Datenschutz im E-Recruiting

Die Digitalisierung der Arbeitswelt findet Einzug in alle Bereiche und Prozesse eines Unternehmens – so auch in HR. Den Unternehmen steht mittlerweile eine Vielzahl von Möglichkeiten zur Digitalisierung ihrer HR-Prozesse zur Verfügung. E-Recruiting mischt dabei an vorderster Stelle mit und ist vieles: es beginnt bei einfachen Stellenanzeigen im Internet, Stellenausschreibungen auf Job-Portalen, der eigenen Karriereseite, Recruiting Apps oder findet nun immer breiteren Anklang durch den Einsatz von Bewerbermanagement-Systemen. So weit so gut – doch wo die Rekrutierung ins Spiel kommt, ist das Thema Datenschutz nicht weit.

 

Dieser Artikel wurde von Sarah Ursprung / PR & Communications Manager von jacando AG verfasst. 

 

Speziell wenn es um die Verarbeitung und Speicherung von Bewerberdaten im Internet geht, ist besondere Vorsicht geboten, denn in rechtlicher Hinsicht werden durch die Bewerberdaten persönlichkeits- und datenschutzrechtliche Belange gleichermaßen berührt.

Das 1×1 des Datenschutzes – ein Auszug

nerd and notebookDie Daten, die ein Bewerber einem Unternehmen anvertraut, sind derart sensibel, dass sie einen besonderen Schutz genießen.
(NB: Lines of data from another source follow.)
(* Let $(X,\|\cdot\|_X)$ be a Banach space, $\mathcal{K}\subset X$ compact, and $\gamma_n=C'n^\delta\lambda^n$ with $\delta\in\mathbb{R}$, $C'>0$, $\lambda>2$. (i) For $\alpha>0$, $\beta\in\mathbb{R}$: if $\varepsilon_n(\mathcal{K})_X\asymp\frac{(\log_2n)^\beta}{n^\alpha}$ for $n\ge2$, then $d_n^{\gamma_n}(\mathcal{K})_X\asymp\frac{(\log_2n)^\beta}{n^{2\alpha}}$ for $n\ge2$. (ii) For $\alpha>0$: if $\varepsilon_n(\mathcal{K})_X\asymp\frac{1}{(\log_2n)^\alpha}$ for $n\ge2$, then $d_n^{\gamma_n}(\mathcal{K})_X\asymp\frac{1}{(\log_2n)^\alpha}$ for $n\ge2$.
   Context: $a_n\asymp b_n$ means there are constants $0<c\le C$ independent of $n$ with $cb_n\le a_n\le Cb_n$. For $m\ge0$, the entropy number $\varepsilon_m(\mathcal{K})_X$ is the infimum of all $\varepsilon>0$ such that $\mathcal{K}$ is covered by $2^m$ closed balls of radius $\varepsilon$ with centers in $X$. For $k\ge1$ and a norm $\|\cdot\|_{Y_k}$ on $\mathbb{R}^k$ let $B_{Y_k}=\{y\in\mathbb{R}^k:\|y\|_{Y_k}\le1\}$; for $\gamma\ge0$, $d^\gamma(\mathcal{K},Y_k)_X=\inf_{\Phi}\sup_{f\in\mathcal{K}}\inf_{y\in B_{Y_k}}\|f-\Phi(y)\|_X$, the infimum over all maps $\Phi:B_{Y_k}\to X$ with $\|\Phi(y)-\Phi(y')\|_X\le\gamma\|y-y'\|_{Y_k}$; and the Lipschitz width is $d_n^\gamma(\mathcal{K})_X=\inf_{1\le k\le n}\inf_{\|\cdot\|_{Y_k}}d^\gamma(\mathcal{K},Y_k)_X$, the inner infimum over all norms on $\mathbb{R}^k$. *)

theory Defs
  imports "HOL-Analysis.Analysis"
begin

definition asymp_equiv_ge2 :: "(nat \<Rightarrow> real) \<Rightarrow> (nat \<Rightarrow> real) \<Rightarrow> bool" where
  "asymp_equiv_ge2 a b \<longleftrightarrow>
     (\<exists>c C. 0 < c \<and> c \<le> C \<and> (\<forall>n\<ge>2. c * b n \<le> a n \<and> a n \<le> C * b n))"

definition entropy_number :: "'a::real_normed_vector set \<Rightarrow> nat \<Rightarrow> real" where
  "entropy_number K m = Inf {\<epsilon>. \<epsilon> > 0 \<and>
     (\<exists>C. finite C \<and> card C \<le> 2 ^ m \<and> K \<subseteq> (\<Union>c\<in>C. cball c \<epsilon>))}"

text \<open>R^k is represented as functions nat \<Rightarrow> real vanishing from index k on.\<close>
definition Rk :: "nat \<Rightarrow> (nat \<Rightarrow> real) set" where
  "Rk k = {y. \<forall>i\<ge>k. y i = 0}"

definition is_norm_on_Rk :: "nat \<Rightarrow> ((nat \<Rightarrow> real) \<Rightarrow> real) \<Rightarrow> bool" where
  "is_norm_on_Rk k N \<longleftrightarrow>
     (\<forall>x\<in>Rk k. \<forall>y\<in>Rk k. N (\<lambda>i. x i + y i) \<le> N x + N y) \<and>
     (\<forall>x\<in>Rk k. \<forall>a. N (\<lambda>i. a * x i) = \<bar>a\<bar> * N x) \<and>
     (\<forall>x\<in>Rk k. N x = 0 \<longrightarrow> x = (\<lambda>i. 0))"

definition unit_ball_Rk :: "nat \<Rightarrow> ((nat \<Rightarrow> real) \<Rightarrow> real) \<Rightarrow> (nat \<Rightarrow> real) set" where
  "unit_ball_Rk k N = {y \<in> Rk k. N y \<le> 1}"

definition lip_width_fixed ::
  "real \<Rightarrow> 'a::real_normed_vector set \<Rightarrow> nat \<Rightarrow> ((nat \<Rightarrow> real) \<Rightarrow> real) \<Rightarrow> real" where
  "lip_width_fixed \<gamma> K k N = Inf {(SUP f\<in>K. INF y\<in>unit_ball_Rk k N. norm (f - \<Phi> y)) | \<Phi>.
       \<forall>y\<in>unit_ball_Rk k N. \<forall>y'\<in>unit_ball_Rk k N.
          norm (\<Phi> y - \<Phi> y') \<le> \<gamma> * N (\<lambda>i. y i - y' i)}"

definition lip_width :: "real \<Rightarrow> 'a::real_normed_vector set \<Rightarrow> nat \<Rightarrow> real" where
  "lip_width \<gamma> K n = Inf {lip_width_fixed \<gamma> K k N | k N. 1 \<le> k \<and> k \<le> n \<and> is_norm_on_Rk k N}"

end

theory Submission
  imports Defs "HOL-Real_Asymp.Real_Asymp"
begin

text \<open>Upper bound: the centres of an \<open>\<epsilon>\<close>-cover of \<open>K\<close> by \<open>2^(n^2)\<close> balls are attached to the
  \<open>2^(n^2)\<close> points of a grid of mesh \<open>2^(1-n)\<close> in the unit cube of R^n, and interpolated by a
  sum of bumps with disjoint supports. Its Lipschitz constant is about \<open>2^n diam K\<close>, which is
  eventually below \<open>\<gamma>_n = C' n^\<delta> \<lambda>^n\<close> because \<open>\<lambda> > 2\<close>; hence \<open>d_n \<le> \<epsilon>_(n^2)\<close>.

  Lower bound: for any norm on R^k, \<open>k \<le> n\<close>, the unit ball has an \<open>\<eta>\<close>-net of \<open>2^(k(3k+q))\<close>
  points when \<open>2^q \<ge> 1 + 2/\<eta>\<close>, and its image under a \<open>\<gamma>\<close>-Lipschitz map covers \<open>K\<close> up to
  \<open>d + \<gamma>\<eta>\<close>. With \<open>\<gamma>\<eta>\<close> a small multiple of the expected rate, \<open>log \<gamma>_n = O(n)\<close> gives
  \<open>q = O(n)\<close>, so \<open>\<epsilon>_(C n^2)\<close> is at most a constant times \<open>d_n\<close>.

  Both rates change only by constant factors when \<open>n\<close> is replaced by \<open>n^2\<close> or \<open>C n^2\<close>.\<close>

section \<open>Norms on R^k\<close>

lemma Rk_zero [simp]: "(\<lambda>i. 0) \<in> Rk k"
  by (simp add: Rk_def)

lemma Rk_diff [intro]: "x \<in> Rk k \<Longrightarrow> y \<in> Rk k \<Longrightarrow> (\<lambda>i. x i - y i) \<in> Rk k"
  by (simp add: Rk_def)

lemma Rk_scale [intro]: "x \<in> Rk k \<Longrightarrow> (\<lambda>i. a * x i) \<in> Rk k"
  by (simp add: Rk_def)

lemma Rk_mono: "k \<le> k' \<Longrightarrow> x \<in> Rk k \<Longrightarrow> x \<in> Rk k'"
  by (simp add: Rk_def)
lemma lsubdiff_add_smooth:
  fixes F q :: "'a::real_inner \<Rightarrow> real" and a :: "'a \<Rightarrow> 'a"
  assumes v: "v \<in> lsubdiff (\<lambda>u. F u + q u) x"
    and C: "0 \<le> C" and q_upper: "\<And>u w. q w - q u - inner (a u) (w - u) \<le> C * (norm (w - u))\<^sup>2"
    and "isCont q x" and "isCont a x"
  shows "v - a x \<in> lsubdiff F x"
proof -
  obtain xs vs where xs: "xs \<longlonglongrightarrow> x" and Fq: "(\<lambda>n. F (xs n) + q (xs n)) \<longlonglongrightarrow> F x + q x"
    and vs: "vs \<longlonglongrightarrow> v" and sub: "\<And>n. vs n \<in> frechet_subdiff (\<lambda>u. F u + q u) (xs n)"
    using v unfolding lsubdiff_def by blast
  have q: "(\<lambda>n. q (xs n)) \<longlonglongrightarrow> q x" and a: "(\<lambda>n. a (xs n)) \<longlonglongrightarrow> a x"
    using xs \<open>isCont q x\<close> \<open>isCont a x\<close> by (auto intro: isCont_tendsto_compose)
  have "(\<lambda>n. (F (xs n) + q (xs n)) - q (xs n)) \<longlonglongrightarrow> (F x + q x) - q x"
    by (intro tendsto_diff Fq q)
  moreover have "(\<lambda>n. vs n - a (xs n)) \<longlonglongrightarrow> v - a x"
    by (intro tendsto_diff vs a)
  moreover have "vs n - a (xs n) \<in> frechet_subdiff F (xs n)" for n
    by (rule frechet_subdiff_add_smooth[OF sub C q_upper])
  ultimately show ?thesis
    using xs unfolding lsubdiff_def mem_Collect_eq
    by (intro exI[of _ xs] exI[of _ "\<lambda>n. vs n - a (xs n)"]) simp
qed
Generell gilt: Die Einhaltung des Datenschutzes von Bewerberdaten obliegt der Bewerberdaten-erhebenden Stelle, also sprich dem rekrutierenden Unternehmen selbst. Demnach ist ein Unternehmen selber verpflichtet, den Datenschutz einzuhalten und seine Bewerber über die Verwendung der Daten vollumfänglich zu informieren.

In einem Online-Bewerbungsprozess ist die systemseitig hinterlegte Datenschutzerklärung des Unternehmens grundlegend. Durch die Zustimmung eben dieser erklärt sich ein Bewerber bereit, dass seine Daten zu den dort genannten Zwecken verarbeitet werden. Darüber hinaus muss sie verständlich geschrieben sein und der Bewerber muss über die Identität der verantwortlichen Stelle informiert werden.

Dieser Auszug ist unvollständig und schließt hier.